# [TASK OBJECTIVE]
Starting at the top of the listing below, copy each line exactly, stopping after the line that contains "by (simp add: fun_eq_iff ab".

══════════

lemma F6u_vanishes_comp:
  assumes "poly_fun f" "invertible M" "F6u_vanishes f"
  shows "F6u_vanishes (\<lambda>x. f (M *v x))"
  unfolding F6u_vanishes_def
proof (intro allI)
  fix u x
  obtain N where N: "N ** M = mat 1"
    using assms(2) unfolding invertible_def by blast
  have "(u v* N) v* M = u"
    by (simp add: vector_matrix_mul_assoc N)
  then show "F6u (\<lambda>x. f (M *v x)) u x = 0"
    using F6u_comp[OF assms(1), of M "u v* N" x] assms(3) by (simp add: F6u_vanishes_def)
qed

lemma lin_times_square_comp:
  assumes "invertible M" "lin_times_square (\<lambda>x. f (M *v x))"
  shows "lin_times_square f"
proof -
  obtain a b where ab: "\<And>x. f (M *v x) = lin a x * (lin b x)^2"
    using assms(2) unfolding lin_times_square_def by blast
  obtain N where N: "M ** N = mat 1"
    using assms(1) unfolding invertible_def by blast
  have "f x = lin (a v* N) x * (lin (b v* N) x)^2" for x
    using ab[of "N *v x"] by (simp add: lin_vector_matrix_mult matrix_vector_mul_assoc N)
  then show ?thesis
    unfolding lin_times_square_def by blast
qed

lemma F6u_x1_x2_sq_e3: "F6u (\<lambda>x. x$1 * x$2^2) (axis 3 1) x = 0"
proof -
  have ux2: "ux2 (axis 3 1) = (\<lambda>x. (x$3)^2)"
    by (simp add: ux2_def lin_expand axis_def)
  have "theta (\<lambda>x. x$1 * x$2^2) (axis 3 1) = (\<lambda>x. -4 * (x$2)^2)"
    by (rule ext) (simp add: theta_def transvectant2 alt3_expand ux2 power2_eq_square)
  then show ?thesis
    by (simp add: F6u_def transvectant2 alt3_expand ux2)
qed

lemma lin_times_square_imp_F6u_vanishes:
  assumes "lin_times_square f"
  shows "F6u_vanishes f"
  unfolding F6u_vanishes_def
proof (intro allI)
  fix u x
  obtain a b where ab: "\<And>x. f x = lin a x * (lin b x)^2"
    using assms unfolding lin_times_square_def by blast
  define B :: "complex^3^3" where "B = vector [a, b, u]"
  have f: "f = (\<lambda>x. (\<lambda>y. y$1 * y$2^2) (B *v x))"
    by (simp add: fun_eq_iff ab B_def flip: lin_matrix_row)
  have u: "axis 3 1 v* B = u"
    by (simp add: vec_eq_iff vector_matrix_mult_def B_def sum_3 axis_def forall_3)
  have "F6u f u x = det B ^ 6 * F6u (\<lambda>y. y$1 * y$2^2) (axis 3 1) (B *v x)"
    unfolding f by (subst u[symmetric], rule F6u_comp) simp
  then show "F6u f u x = 0"
    by (simp add: F6u_x1_x2_sq_e3)
qed

abbreviation exponents3 :: "nat \<Rightarrow> (nat \<times> nat \<times> nat) set" where
  "exponents3 d \<equiv> {(i, j, k). i + j + k = d}"

definition monomial3 :: "nat \<times> nat \<times> nat \<Rightarrow> complex^3 \<Rightarrow> complex" where
  "monomial3 p x = (case p of (i, j, k) \<Rightarrow> x$1 ^ i * x$2 ^ j * x$3 ^ k)"

lemma finite_exponents3 [simp]: "finite (exponents3 d)"
  by (rule finite_subset[of _ "{0..d} \<times> {0..d} \<times> {0..d}"]) auto

lemma ternary_form_iff:
  "ternary_form d f \<longleftrightarrow> (\<exists>C. \<forall>x. f x = (\<Sum>p\<in>exponents3 d. C p * monomial3 p x))"
proof
  assume "ternary_form d f"
  then obtain c where "\<forall>x. f x = (\<Sum>(i, j, k)\<in>exponents3 d. c i j k * x$1 ^ i * x$2 ^ j * x$3 ^ k)"
    unfolding ternary_form_def by blast
  then show "\<exists>C. \<forall>x. f x = (\<Sum>p\<in>exponents3 d. C p * monomial3 p x)"
    by (intro exI[of _ "\<lambda>(i, j, k). c i j k"]) (auto simp: monomial3_def mult.assoc intro!: sum.cong)
next
  assume "\<exists>C. \<forall>x. f x = (\<Sum>p\<in>exponents3 d. C p * monomial3 p x)"
  then obtain C where "\<forall>x. f x = (\<Sum>p\<in>exponents3 d. C p * monomial3 p x)"
    by blast
  then show "ternary_form d f"
    unfolding ternary_form_def
    by (intro exI[of _ "\<lambda>i j k. C (i, j, k)"]) (auto simp: monomial3_def mult.assoc intro!: sum.cong)
qed

lemma poly_fun_monomial3 [simp, intro]: "poly_fun (monomial3 p)"
  by (cases p) (simp add: monomial3_def[abs_def])

lemma poly_fun_ternary_form:
  assumes "ternary_form d f"
  shows "poly_fun f"
proof -
  obtain C where "\<And>x. f x = (\<Sum>p\<in>exponents3 d. C p * monomial3 p x)"
    using assms unfolding ternary_form_iff by blast
  then have "f = (\<lambda>x. \<Sum>p\<in>exponents3 d. C p * monomial3 p x)"
    by (simp add: fun_eq_iff)
  then show ?thesis
    by simp
qed

lemma ternary_form_zero: "ternary_form d (\<lambda>x. 0)"
  unfolding ternary_form_iff by (intro exI[of _ "\<lambda>_. 0"]) simp

lemma ternary_form_add:
  "ternary_form d f \<Longrightarrow> ternary_form d g \<Longrightarrow> ternary_form d (\<lambda>x. f x + g x)"
  unfolding ternary_form_iff
  by (elim exE, rename_tac C D, rule_tac x="\<lambda>p. C p + D p" in exI) (simp add: sum.distrib algebra_simps)

lemma ternary_form_cmult: "ternary_form d f \<Longrightarrow> ternary_form d (\<lambda>x. a * f x)"
  unfolding ternary_form_iff
  by (elim exE, rename_tac C, rule_tac x="\<lambda>p. a * C p" in exI) (simp add: sum_distrib_left algebra_simps)

lemma ternary_form_sum:
  "finite K \<Longrightarrow> (\<And>k. k \<in> K \<Longrightarrow> ternary_form d (F k)) \<Longrightarrow> ternary_form d (\<lambda>x. \<Sum>k\<in>K. F k x)"
  by (induction K rule: finite_induct) (auto intro: ternary_form_zero ternary_form_add)

lemma ternary_form_const: "ternary_form 0 (\<lambda>x. a)"
proof -
  have "exponents3 0 = {(0, 0, 0)}"
    by auto
  then show ?thesis
    unfolding ternary_form_iff by (intro exI[of _ "\<lambda>_. a"]) (simp add: monomial3_def)
qed

lemma ternary_form_lin: "ternary_form 1 (lin m)"
proof -
  have "exponents3 1 = {(1, 0, 0), (0, 1, 0), (0, 0, 1)}"
    by auto
  then show ?thesis
    unfolding ternary_form_iff
    by (intro exI[of _ "\<lambda>(i, j, k). if i = 1 then m$1 else if j = 1 then m$2 else m$3"])
      (simp add: monomial3_def lin_expand)
qed

lemma ternary_form_mult:
  assumes "ternary_form a f" "ternary_form b g"
  shows "ternary_form (a + b) (\<lambda>x. f x * g x)"
proof -
  obtain C D where C: "\<And>x. f x = (\<Sum>p\<in>exponents3 a. C p * monomial3 p x)"
    and D: "\<And>x. g x = (\<Sum>q\<in>exponents3 b. D q * monomial3 q x)"
    using assms unfolding ternary_form_iff by blast
  define add3 :: "nat \<times> nat \<times> nat \<Rightarrow> nat \<times> nat \<times> nat \<Rightarrow> nat \<times> nat \<times> nat" where
    "add3 p q = (case p of (i, j, k) \<Rightarrow> case q of (i', j', k') \<Rightarrow> (i + i', j + j', k + k'))" for p q
  have mon: "monomial3 (add3 p q) x = monomial3 p x * monomial3 q x" for p q x
    by (cases p; cases q) (simp add: monomial3_def add3_def power_add mult_ac)
  define E where "E P = (\<Sum>pq\<in>{pq \<in> exponents3 a \<times> exponents3 b. case_prod add3 pq = P}.
    case_prod (\<lambda>p q. C p * D q) pq)" for P
  have "f x * g x = (\<Sum>P\<in>exponents3 (a + b). E P * monomial3 P x)" for x
  proof -
    have "f x * g x = (\<Sum>(p, q)\<in>exponents3 a \<times> exponents3 b. C p * D q * monomial3 (add3 p q) x)"
      unfolding C D sum_product sum.cartesian_product mon by (simp add: mult_ac)
    also have "\<dots> = (\<Sum>P\<in>exponents3 (a + b). \<Sum>pq\<in>{pq \<in> exponents3 a \<times> exponents3 b. case_prod add3 pq = P}.
        case_prod (\<lambda>p q. C p * D q * monomial3 (add3 p q) x) pq)"
      by (rule sum.group[symmetric]) (auto simp: add3_def)
    also have "\<dots> = (\<Sum>P\<in>exponents3 (a + b). E P * monomial3 P x)"
      unfolding E_def sum_distrib_right by (intro sum.cong refl) auto
    finally show ?thesis .
  qed
  then show ?thesis
    unfolding ternary_form_iff by blast
qed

══════════

# [RESULT OF THIS EXERCISE]
lemma F6u_vanishes_comp:
  assumes "poly_fun f" "invertible M" "F6u_vanishes f"
  shows "F6u_vanishes (\<lambda>x. f (M *v x))"
  unfolding F6u_vanishes_def
proof (intro allI)
  fix u x
  obtain N where N: "N ** M = mat 1"
    using assms(2) unfolding invertible_def by blast
  have "(u v* N) v* M = u"
    by (simp add: vector_matrix_mul_assoc N)
  then show "F6u (\<lambda>x. f (M *v x)) u x = 0"
    using F6u_comp[OF assms(1), of M "u v* N" x] assms(3) by (simp add: F6u_vanishes_def)
qed

lemma lin_times_square_comp:
  assumes "invertible M" "lin_times_square (\<lambda>x. f (M *v x))"
  shows "lin_times_square f"
proof -
  obtain a b where ab: "\<And>x. f (M *v x) = lin a x * (lin b x)^2"
    using assms(2) unfolding lin_times_square_def by blast
  obtain N where N: "M ** N = mat 1"
    using assms(1) unfolding invertible_def by blast
  have "f x = lin (a v* N) x * (lin (b v* N) x)^2" for x
    using ab[of "N *v x"] by (simp add: lin_vector_matrix_mult matrix_vector_mul_assoc N)
  then show ?thesis
    unfolding lin_times_square_def by blast
qed

lemma F6u_x1_x2_sq_e3: "F6u (\<lambda>x. x$1 * x$2^2) (axis 3 1) x = 0"
proof -
  have ux2: "ux2 (axis 3 1) = (\<lambda>x. (x$3)^2)"
    by (simp add: ux2_def lin_expand axis_def)
  have "theta (\<lambda>x. x$1 * x$2^2) (axis 3 1) = (\<lambda>x. -4 * (x$2)^2)"
    by (rule ext) (simp add: theta_def transvectant2 alt3_expand ux2 power2_eq_square)
  then show ?thesis
    by (simp add: F6u_def transvectant2 alt3_expand ux2)
qed

lemma lin_times_square_imp_F6u_vanishes:
  assumes "lin_times_square f"
  shows "F6u_vanishes f"
  unfolding F6u_vanishes_def
proof (intro allI)
  fix u x
  obtain a b where ab: "\<And>x. f x = lin a x * (lin b x)^2"
    using assms unfolding lin_times_square_def by blast
  define B :: "complex^3^3" where "B = vector [a, b, u]"
  have f: "f = (\<lambda>x. (\<lambda>y. y$1 * y$2^2) (B *v x))"
    by (simp add: fun_eq_iff ab B_def flip: lin_matrix_row)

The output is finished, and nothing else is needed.